ParserError:错误标记数据。在 SMSA indoBert 教程中

问题描述 投票:0回答:0

我正在尝试使用 DocumentSentimentDataset 和 DocumentSentimentDataLoader 制作简单的训练、验证和测试数据,但出现此错误

/usr/local/lib/python3.8/dist-packages/pandas/_libs/parsers.pyx in pandas._libs.parsers.raise_parser_error()

ParserError: Error tokenizing data.

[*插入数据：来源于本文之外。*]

(* Assume the setting below. Let $k_n\in\mathbb R_{\ge1}$, let $\mho$ be an arbitrary event with complement $\mho^c$, and let $\mathfrak A:=\{\sigma_Y^2\le2\widehat\sigma_Y^2\}$ with complement $\mathfrak A^c$. Let $$\hat k\in\operatorname*{argmin}_{k\in\{1,\dots,\lfloor k_n\rfloor\}}\Big\{-\|\widehat{\mathcal M}_X^k\|^2_{\mathbb L^2(\mathrm v)}+2\widehat\sigma_Y^2\operatorname{pen}_k^{\widehat{\mathrm v}}\Big\}.$$ Then for every $k_\circ\in\{1,\dots,\lfloor k_n\rfloor\}$, almost surely, $$\begin{aligned}\|\widehat{\mathcal M}_X^{\hat k}-\mathcal M_X\|^2_{\mathbb L^2(\mathrm v)}\le{}&15\|\mathbb 1_{[-k_\circ,k_\circ]}(\widehat{\mathcal M}_Y-\mathcal M_Y)\widehat{\mathcal M}_U^\dagger\mathbb 1_{\mathfrak M}\|^2_{\mathbb L^2(\mathrm v)}+15\|\mathbb 1_{[-k_\circ,k_\circ]^C}\mathcal M_X\|^2_{\mathbb L^2(\mathrm v)}+24\widehat\sigma_Y^2\operatorname{pen}^{\widehat{\mathrm v}}_{k_\circ}\mathbb 1_{\mho}+6\|\mathcal M_X\|^2_{\mathbb L^2(\mathrm v)}\mathbb 1_{\mho^c}\\ &+15\|(\mathcal M_U\widehat{\mathcal M}_U^\dagger\mathbb 1_{\mathfrak M}-1)\mathcal M_X\mathbb 1_{[-k_n,k_n]}\|^2_{\mathbb L^2(\mathrm v)}\\ &+12\max_{k\in\{1,\dots,\lfloor k_n\rfloor\}}\Big(\|\mathbb 1_{[-k,k]}(\widehat{\mathcal M}_Y-\mathcal M_Y)\widehat{\mathcal M}_U^\dagger\mathbb 1_{\mathfrak M}\|^2_{\mathbb L^2(\mathrm v)}-\tfrac{\sigma_Y^2}{4}\operatorname{pen}_k^{\widehat{\mathrm v}}\Big)_+\\ &+3\|\mathbb 1_{[-k_n,k_n]}(\widehat{\mathcal M}_Y-\mathcal M_Y)\widehat{\mathcal M}_U^\dagger\mathbb 1_{\mathfrak M}\|^2_{\mathbb L^2(\mathrm v)}(\mathbb 1_{\mho^c}+\mathbb 1_{\mathfrak A^c}).\end{aligned}$$
   Context: Fix $c\in\mathbb R$. $X,U$ are independent $\mathbb R_{>0}$-valued random variables with densities $f,f^U$ with $f\in\mathbb L^2_+(\mathrm x^{2c-1})$, $f^U\in\mathbb L^1_+(\mathrm x^{c-1})\cap\mathbb L^2_+(\mathrm x^{2c-1})$, $\mathbb E[Y^{2(c-1)}]<\infty$, where $Y:=XU$ with density $f^Y$. $Y_1,\dots,Y_n$ are i.i.d. copies of $Y$; $U_1,\dots,U_m$ are i.i.d. copies of $U$ independent of the $Y_i$. $\mathbb L^p_+(\mathrm w)$, $\mathbb L^p(\mathrm w)$ are $L^p$ spaces on $\mathbb R_{>0}$, resp. $\mathbb R$, w.r.t. $\mathrm w\,d\lambda$, with the convention $\|h\|_{\mathbb L^\infty(\mathrm w)}:=\operatorname{ess\,sup}|h|\mathrm w$; $\mathrm x^a$ is the weight $x\mapsto x^a$. $\mathcal M_Y,\mathcal M_X,\mathcal M_U$ are the Mellin transforms $\operatorname M_c[h](t)=\int_0^\infty x^{c-1+\iota2\pi t}h(x)dx$ of $f^Y,f,f^U$. For $w:\mathbb R\to\mathbb C$, $w^\dagger:=1/w$ where $w\ne0$, $0$ elsewhere. $\widehat{\mathcal M}_Y(t):=\frac1n\sum_iY_i^{c-1+\iota2\pi t}$, $\widehat{\mathcal M}_U(t):=\frac1m\sum_jU_j^{c-1+\iota2\pi t}$, $\sigma_Y^2:=1+\mathbb E[Y_1^{2(c-1)}]$, $\widehat\sigma_Y^2:=1+\frac1n\sum_iY_i^{2(c-1)}$, $\mathfrak M:=\{t:(m\wedge n)|\widehat{\mathcal M}_U(t)|^2\ge1\}$, $\widehat{\mathcal M}_X:=\widehat{\mathcal M}_Y\widehat{\mathcal M}_U^\dagger\mathbb 1_{\mathfrak M}$, $\widehat{\mathcal M}_X^k:=\widehat{\mathcal M}_X\mathbb 1_{[-k,k]}$. $\mathrm v:\mathbb R\to[0,\infty)$ is a measurable weight with $\mathbb 1_{[-k,k]}\in\mathbb L^\infty(\mathrm v)$ for all $k>0$, and $\widehat{\mathrm v}:=|\widehat{\mathcal M}_U^\dagger\mathbb 1_{\mathfrak M}|^2\mathrm v$ (a random weight). For a weight $\mathrm w$ and $k\ge1$: $\Delta_k^{\mathrm w}:=\|\mathbb 1_{[-k,k]}\|_{\mathbb L^\infty(\mathrm w)}$, $\delta_k^{\mathrm w}:=\log(\Delta_k^{\mathrm w}\vee(k+2))/\log(k+2)$. The penalty is $\operatorname{pen}_k^{\widehat{\mathrm v}}:=24\,\Delta_k^{\widehat{\mathrm v}}\delta_k^{\widehat{\mathrm v}}\,k\,n^{-1}$. $a_+:=\max\{a,0\}$. *)

theory Defs
  imports "HOL-Probability.Probability"
begin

C error: Expected 6 fields in line 25, saw 7

这是我的代码:

from indonlu.utils.data_utils import DocumentSentimentDataset, DocumentSentimentDataLoader

# Load Tokenizer and Config
tokenizer = BertTokenizer.from_pretrained('indobenchmark/indobert-base-p1')
config = BertConfig.from_pretrained('indobenchmark/indobert-base-p1')
config.num_labels = DocumentSentimentDataset.NUM_LABELS

# Instantiate model
model = BertForSequenceClassification.from_pretrained('indobenchmark/indobert-base-p1', config=config)

###
# common functions
###
def set_seed(seed):
    random.seed(seed)
    np.random.seed(seed)
    torch.manual_seed(seed)
    torch.cuda.manual_seed(seed)
    
def count_param(module, trainable=False):
    if trainable:
        return sum(p.numel() for p in module.parameters() if p.requires_grad)
    else:
        return sum(p.numel() for p in module.parameters())
    
def get_lr(optimizer):
    for param_group in optimizer.param_groups:
        return param_group['lr']

def metrics_to_string(metric_dict):
    string_list = []
    for key, value in metric_dict.items():
        string_list.append('{}:{:.2f}'.format(key, value))
    return ' '.join(string_list)

train_dataset_path = '/content/indonlu/dataset/smsa_doc-sentiment-prosa/train_preprocess.tsv'
valid_dataset_path = '/content/indonlu/dataset/smsa_doc-sentiment-prosa/valid_preprocess.tsv'
test_dataset_path = '/content/indonlu/dataset/smsa_doc-sentiment-prosa/test_preprocess_masked_label.tsv'

train_dataset = DocumentSentimentDataset(train_dataset_path, tokenizer, lowercase=True, on_bad_lines='skip')
valid_dataset = DocumentSentimentDataset(valid_dataset_path, tokenizer, lowercase=True, on_bad_lines='skip')
test_dataset = DocumentSentimentDataset(test_dataset_path, tokenizer, lowercase=True, on_bad_lines='skip')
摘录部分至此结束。